The goal is not to maximize IGF-1 at all costs. The goal is to optimize it within a healthy range that supports recovery, muscle maintenance, and cellular function without tipping into the danger zone.

Monitoring Via Bloodwork

If you are actively working to optimize IGF-1, regular bloodwork is essential.

What to Test

• IGF-1 -- the primary marker. Lab reference ranges are age-adjusted.
• IGFBP-3 -- IGF-1 binding protein 3. Most circulating IGF-1 is bound to IGFBP-3. The IGF-1/IGFBP-3 ratio gives a better picture of bioavailable IGF-1.
• GH stimulation markers -- if IGF-1 is low despite optimized lifestyle, a GH stimulation test can determine if the issue is pituitary output or hepatic conversion.
• Fasting insulin and glucose -- monitor metabolic health alongside IGF-1 changes.
• Liver enzymes -- ensure the factory is healthy.

Testing Frequency

• Baseline before any protocol changes
• 6-8 weeks after implementing lifestyle or compound changes
• Every 3-6 months for ongoing monitoring

Interpreting Results

• IGF-1 consistently below the 25th percentile for your age despite optimized lifestyle warrants further investigation
• IGF-1 in the upper third of the age-adjusted range is generally considered optimal for performance and recovery
• IGF-1 consistently above the reference range increases oncological risk and warrants dose reduction or discontinuation of any exogenous support

The Bottom Line

IGF-1 optimization is a spectrum, not a binary. The vast majority of people have significant room to improve their natural IGF-1 levels through sleep, protein intake, resistance training, and liver health before any exogenous intervention is worth considering.
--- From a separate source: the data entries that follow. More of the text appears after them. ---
lemma sqrt_ratio_le:
  fixes a b C x :: real
  assumes C: "1 \<le> C" and ab: "0 < b" "b \<le> a" "a \<le> C" and x: "0 < x"
    and D: "1/2 \<le> a + b - 2 * sqrt (a * b)"
  shows "sqrt (a * x) / (sqrt (a * x) - sqrt (b * x)) \<le> 2 * C"
proof -
  have "(sqrt a - sqrt b)\<^sup>2 = a + b - 2 * sqrt (a * b)"
    using ab by (simp add: power2_diff real_sqrt_mult)
  moreover have "sqrt b \<le> sqrt a" using ab by simp
  ultimately have "sqrt (a + b - 2 * sqrt (a * b)) = sqrt a - sqrt b" by (intro real_sqrt_unique) auto
  moreover have "sqrt (1/4) \<le> sqrt (a + b - 2 * sqrt (a * b))" using D by (intro real_sqrt_le_mono) simp
  ultimately have gap: "1/2 \<le> sqrt a - sqrt b" by (simp add: real_sqrt_divide)
  have "sqrt a \<le> C" using ab C real_sqrt_le_mono[of a C] sqrt_le_self[of C] by linarith
  then have "sqrt a / (sqrt a - sqrt b) \<le> C / (1/2)" using gap ab C by (intro frac_le) auto
  moreover have "sqrt (a * x) = sqrt a * sqrt x" "sqrt (a * x) - sqrt (b * x) = (sqrt a - sqrt b) * sqrt x"
    by (simp_all add: real_sqrt_mult algebra_simps)
  ultimately show ?thesis using x by simp
qed

text \<open>Large enough \<open>n\<close>, for which \<open>p = a L / n\<close>, \<open>q = b L / n\<close> with \<open>L = ln n\<close> and
  \<open>a, b \<in> [1/C, C]\<close> fall under \<open>tilt_regime\<close>.\<close>
locale log_scaling =
  fixes C :: real and n :: nat
  assumes C_ge: "1 \<le> C" and C_le_ln: "C \<le> ln (real n)"
    and ln_small: "C * ln (real n) / real n \<le> 1/4"
    and ln2_small: "C\<^sup>2 * (ln (real n))\<^sup>2 / real n \<le> 1/8"
begin

abbreviation "L \<equiv> ln (real n)"

lemma L_pos: "0 < L" and n_pos: "0 < n" and n_eq_exp: "real n = exp L"
proof -
  show "0 < L" using C_ge C_le_ln by linarith
  then show "0 < n" by (cases n) auto
  then show "real n = exp L" by simp
qed

lemma pos_of_inverse_le: "1/C \<le> a \<Longrightarrow> 0 < a"
  using C_ge by (smt (verit) divide_pos_pos)

lemma tilt_regime_scaled:
  assumes ab: "1/C \<le> b" "b \<le> a" "a \<le> C"
  shows "tilt_regime n (a * L / real n) (b * L / real n)"
proof -
  define x where "x = L / real n"
  have x: "0 < x" "real n * x = L" using L_pos n_pos by (simp_all add: x_def)
  have b: "0 < b" using pos_of_inverse_le ab by simp
  have Cx: "C * x \<le> 1/4" and C2x: "real n * (C * x)\<^sup>2 \<le> 1/8"
    using ln_small ln2_small n_pos by (simp_all add: x_def power2_eq_square field_simps)
  have "1/C \<le> sqrt (a * b)" using sqrt_mult_between ab C_ge by auto
  then have "L * (1/C) \<le> L * sqrt (a * b)" using L_pos by (intro mult_left_mono) auto
  moreover have "L * (1/C) \<ge> 1" using C_le_ln C_ge by (simp add: field_simps)
  moreover have "real n * sqrt (a * x * (b * x)) = L * sqrt (a * b)"
    using x b ab by (simp add: real_sqrt_mult power2_eq_square[symmetric] algebra_simps)
  ultimately have sqrt_pq: "1 \<le> real n * sqrt (a * x * (b * x))" by linarith
  have "a * x * (b * x) \<le> (C * x)\<^sup>2" "(a * x)\<^sup>2 \<le> (C * x)\<^sup>2"
    using ab b x by (auto simp: power2_eq_square intro!: mult_mono)
  then have "real n * (a * x * (b * x)) \<le> real n * (C * x)\<^sup>2" "real n * (a * x)\<^sup>2 \<le> real n * (C * x)\<^sup>2"
    by (simp_all add: mult_left_mono)
  then have "real n * (a * x * (b * x)) \<le> 1/8" "real n * (a * x)\<^sup>2 \<le> 1/5" using C2x by linarith+
  moreover have "b * x \<le> a * x" "a * x \<le> C * x" using ab x by (simp_all add: mult_right_mono)
  moreover from this(2) have "a * x \<le> 1/4" using Cx by linarith
  ultimately have "tilt_regime n (a * x) (b * x)"
    using b x sqrt_pq by unfold_locales auto
  then show ?thesis by (simp add: x_def)
qed

lemma scaled_identities:
  assumes "0 < a" "0 < b"
  shows "real n * (sqrt (a * L / real n) - sqrt (b * L / real n))\<^sup>2 = L * (a + b - 2 * sqrt (a * b))"
    and "real n * sqrt (a * L / real n * (b * L / real n)) = L * sqrt (a * b)"
proof -
  have x: "0 \<le> L / real n" "real n * (L / real n) = L" using L_pos n_pos by auto
  have "(sqrt (a * L / real n) - sqrt (b * L / real n))\<^sup>2 = (a + b - 2 * sqrt (a * b)) * (L / real n)"
    using sqrt_scaled_diff_square[OF _ _ x(1), of a b] assms by (simp only: times_divide_eq_right)
  then show "real n * (sqrt (a * L / real n) - sqrt (b * L / real n))\<^sup>2 = L * (a + b - 2 * sqrt (a * b))"
    using x(2) by (metis mult.commute mult.left_commute)
  have "a * L / real n * (b * L / real n) = (a * b) * (L / real n)\<^sup>2" by (simp add: power2_eq_square)
  then have "sqrt (a * L / real n * (b * L / real n)) = sqrt (a * b) * (L / real n)"
    using x(1) L_pos by (simp add: real_sqrt_mult)
  then show "real n * sqrt (a * L / real n * (b * L / real n)) = L * sqrt (a * b)"
    using x(2) by (metis mult.commute mult.left_commute)
qed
When the foundation is solid and bloodwork confirms that endogenous production has been maximized, then -- and only then -- does it make sense to evaluate whether exogenous support addresses a specific, documented gap. And even then, the goal should be optimization within a healthy range, not maximization at any cost.

Your body has powerful growth factor machinery built in. Use it fully before looking for external solutions.

Disclaimer: This article is for educational and informational purposes only and is not medical advice. IGF-1 and growth hormone optimization should be discussed with and monitored by a qualified healthcare provider. Exogenous GH and IGF-1 are prescription medications with significant risk profiles. CompoundIQ does not encourage or endorse the use of any substance outside of legal and medically supervised contexts.